(* Let $A$ be an algebra with few automorphisms, with canonical grading $A=\bigoplus_{m\in\mathbb Z^r}A_{(m)}$, and let $A=\bigoplus_{n\in\mathbb Z^t}A_n$ be any algebra grading of $A$. Then there is a group homomorphism $\varphi:\mathbb Z^r\to\mathbb Z^t$ such that $A_n=\bigoplus_{m\in\mathbb Z^r:\ \varphi(m)=n}A_{(m)}$ for all $n\in\mathbb Z^t$.
   Context: $\Bbbk$ is a field of characteristic zero. Rational actions of a torus $(\Bbbk^\times)^r$ on an algebra $A$ by algebra automorphisms correspond bijectively to algebra gradings of $A$ by $\mathbb Z^r$ (homogeneous components being isotypic components of characters). An associative $\Bbbk$-algebra $A$ has few automorphisms if: (i) there is a finite dimensional $\mathrm{Aut}_{\rm Alg}A$-invariant subspace $V\subseteq A$ such that restriction $\mathrm{Aut}_{\rm Alg}A\to GL(V)$ is injective; (ii) the image is an algebraic subgroup of $GL(V)$; (iii) the action of $\mathrm{Aut}_{\rm Alg}A$ on $A$ is rational (union of finite dimensional rational submodules); (iv) the identity component $(\mathrm{Aut}_{\rm Alg}A)_0$ is isomorphic to a torus $(\Bbbk^\times)^r$. Fixing such an isomorphism, the canonical grading $A=\bigoplus_{m\in\mathbb Z^r}A_{(m)}$ is the grading induced by the rational action of $(\mathrm{Aut}_{\rm Alg}A)_0$. *)

theory Defs
  imports Complex_Main "HOL-Library.FuncSet"
begin

definition is_algebra :: "('k::field_char_0 \<Rightarrow> 'a::ring_1 \<Rightarrow> 'a) \<Rightarrow> bool" where
  "is_algebra smult \<longleftrightarrow> vector_space smult \<and>
     (\<forall>c x y. smult c (x * y) = smult c x * y \<and> smult c (x * y) = x * smult c y)"

definition alg_aut :: "('k::field_char_0 \<Rightarrow> 'a::ring_1 \<Rightarrow> 'a) \<Rightarrow> ('a \<Rightarrow> 'a) \<Rightarrow> bool" where
  "alg_aut smult f \<longleftrightarrow> bij f \<and> Vector_Spaces.linear smult smult f \<and>
     (\<forall>x y. f (x * y) = f x * f y) \<and> f 1 = 1"
(* Let $C$ be a cycle and $\mathcal H$ a family of vertex subsets of $C$ such that $(C,\mathcal H)$ is $axax$-free. Then there is an outerplanar graph $Q^*$ with vertex set $\mathcal H$ such that for every vertex $v$ of $C$ the set $\{H\in\mathcal H: v\in H\}$ induces a connected subgraph of $Q^*$.
   Context: Let $C$ be a cycle with a fixed cyclic orientation; "vertices $p_1,\dots,p_4$ in cyclic order" means four distinct vertices met in this order when traversing $C$. A pair $H,H'\in\mathcal H$ is an $axax$-pair if there are vertices $a_1,x_1,a_2,x_2$ in cyclic order with $a_1,a_2\in H\setminus H'$ and $x_1,x_2\in H'$; $(C,\mathcal H)$ is $axax$-free if it has no $axax$-pair. A graph is outerplanar if it has a plane embedding with all vertices on the outer face. *)

theory Defs
  imports "HOL-Analysis.Analysis"
begin

text \<open>The cycle C has vertex set {0..<n} (n >= 3), with the cyclic orientation
  0 -> 1 -> ... -> n-1 -> 0.  Four vertices are in cyclic order iff some cyclic
  rotation of them is strictly increasing.\<close>

definition cyclic_order4 :: "nat \<Rightarrow> nat \<Rightarrow> nat \<Rightarrow> nat \<Rightarrow> bool" where
  "cyclic_order4 p1 p2 p3 p4 \<longleftrightarrow>
     (p1 < p2 \<and> p2 < p3 \<and> p3 < p4) \<or> (p2 < p3 \<and> p3 < p4 \<and> p4 < p1) \<or>
     (p3 < p4 \<and> p4 < p1 \<and> p1 < p2) \<or> (p4 < p1 \<and> p1 < p2 \<and> p2 < p3)"

definition axax_pair :: "nat set set \<Rightarrow> nat set \<Rightarrow> nat set \<Rightarrow> bool" where
  "axax_pair \<H> H H' \<longleftrightarrow> H \<in> \<H> \<and> H' \<in> \<H> \<and>
     (\<exists>a1 x1 a2 x2. cyclic_order4 a1 x1 a2 x2 \<and> a1 \<in> H - H' \<and> a2 \<in> H - H'
        \<and> x1 \<in> H' \<and> x2 \<in> H')"

definition axax_free :: "nat set set \<Rightarrow> bool" where
  "axax_free \<H> \<longleftrightarrow> \<not> (\<exists>H H'. axax_pair \<H> H H')"

definition simple_graph :: "'v set \<Rightarrow> 'v set set \<Rightarrow> bool" where
  "simple_graph V E \<longleftrightarrow> finite V \<and> E \<subseteq> {{u, v} | u v. u \<in> V \<and> v \<in> V \<and> u \<noteq> v}"

text \<open>Outerplanar: there is a plane embedding (vertices as distinct points of the
  plane, edges as arcs joining their endpoints, arcs avoid vertex points in their
  interior and pairwise meet only in vertex points) such that every vertex lies on
  the boundary of the outer (unbounded) face.\<close>

definition outerplanar :: "'v set \<Rightarrow> 'v set set \<Rightarrow> bool" where
  "outerplanar V E \<longleftrightarrow> simple_graph V E \<and>
    (\<exists>(pos :: 'v \<Rightarrow> complex) (\<gamma> :: 'v set \<Rightarrow> real \<Rightarrow> complex).
       inj_on pos V \<and>
       (\<forall>e\<in>E. arc (\<gamma> e) \<and>
          (\<exists>u v. e = {u, v} \<and> pathstart (\<gamma> e) = pos u \<and> pathfinish (\<gamma> e) = pos v)) \<and>
       (\<forall>e\<in>E. \<forall>t\<in>{0<..<1}. \<gamma> e t \<notin> pos ` V) \<and>
       (\<forall>e\<in>E. \<forall>e'\<in>E. e \<noteq> e' \<longrightarrow> path_image (\<gamma> e) \<inter> path_image (\<gamma> e') \<subseteq> pos ` V) \<and>
       (\<forall>v\<in>V. pos v \<in> frontier (outside (pos ` V \<union> (\<Union>e\<in>E. path_image (\<gamma> e))))))"

definition induces_connected :: "'v set set \<Rightarrow> 'v set \<Rightarrow> bool" where
  "induces_connected E S \<longleftrightarrow>
     (\<forall>x\<in>S. \<forall>y\<in>S. (\<lambda>a b. a \<in> S \<and> b \<in> S \<and> {a, b} \<in> E)\<^sup>*\<^sup>* x y)"

end

theory Submission
  imports Defs
begin

(* If a member H0 lies inside another member H1, the family
   without H0 is handled by induction and H0 is attached to H1 by a single edge. If no member
   contains another but some member H separates two points of the cycle covered by the family
   and lying outside H, then by axax-freeness the points outside H of any other member all lie on
   one side of H; the family splits into two smaller ones sharing only H, and their graphs are
   glued at H. Otherwise every member is an arc of the covered points, and the cycle through the
   members in the order of their starting points works. All graphs built are drawn with their
   vertices on a circle and pairwise non-crossing chords; placing the vertices on the real line
   and the edges on parabolic arches above it shows that they are outerplanar. *)

section \<open>Forward distance on the cycle\<close>

definition forward_dist :: "nat \<Rightarrow> nat \<Rightarrow> nat \<Rightarrow> nat" where
  "forward_dist n a x = (if a \<le> x then x - a else x + n - a)"

lemma forward_dist_less: "a < n \<Longrightarrow> x < n \<Longrightarrow> forward_dist n a x < n"
  by (auto simp: forward_dist_def)

lemma forward_dist_self [simp]: "forward_dist n a a = 0"
  by (simp add: forward_dist_def)

lemma forward_dist_eq_0_iff: "a < n \<Longrightarrow> x < n \<Longrightarrow> forward_dist n a x = 0 \<longleftrightarrow> x = a"
  by (auto simp: forward_dist_def)

lemma forward_dist_inject:
  "a < n \<Longrightarrow> x < n \<Longrightarrow> y < n \<Longrightarrow> forward_dist n a x = forward_dist n a y \<longleftrightarrow> x = y"
  by (auto simp: forward_dist_def split: if_splits)

lemma forward_dist_add_eq_iff_left:
  "a < n \<Longrightarrow> b < n \<Longrightarrow> c < n \<Longrightarrow>
   forward_dist n a b + forward_dist n b c = forward_dist n a c \<longleftrightarrow> forward_dist n a b \<le> forward_dist n a c"
  by (auto simp: forward_dist_def)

* * * *

EXERCISE DETAILS
The lines above starting at the one that contains "(\<exists>a1 x1 a2" and ending at the one that contains "E \<longleftrightarrow> finite" must be transcribed exactly, and no other lines may appear.

SOLUTION TO THE EXERCISE
     (\<exists>a1 x1 a2 x2. cyclic_order4 a1 x1 a2 x2 \<and> a1 \<in> H - H' \<and> a2 \<in> H - H'
        \<and> x1 \<in> H' \<and> x2 \<in> H')"

definition axax_free :: "nat set set \<Rightarrow> bool" where
  "axax_free \<H> \<longleftrightarrow> \<not> (\<exists>H H'. axax_pair \<H> H H')"

definition simple_graph :: "'v set \<Rightarrow> 'v set set \<Rightarrow> bool" where
  "simple_graph V E \<longleftrightarrow> finite V \<and> E \<subseteq> {{u, v} | u v. u \<in> V \<and> v \<in> V \<and> u \<noteq> v}"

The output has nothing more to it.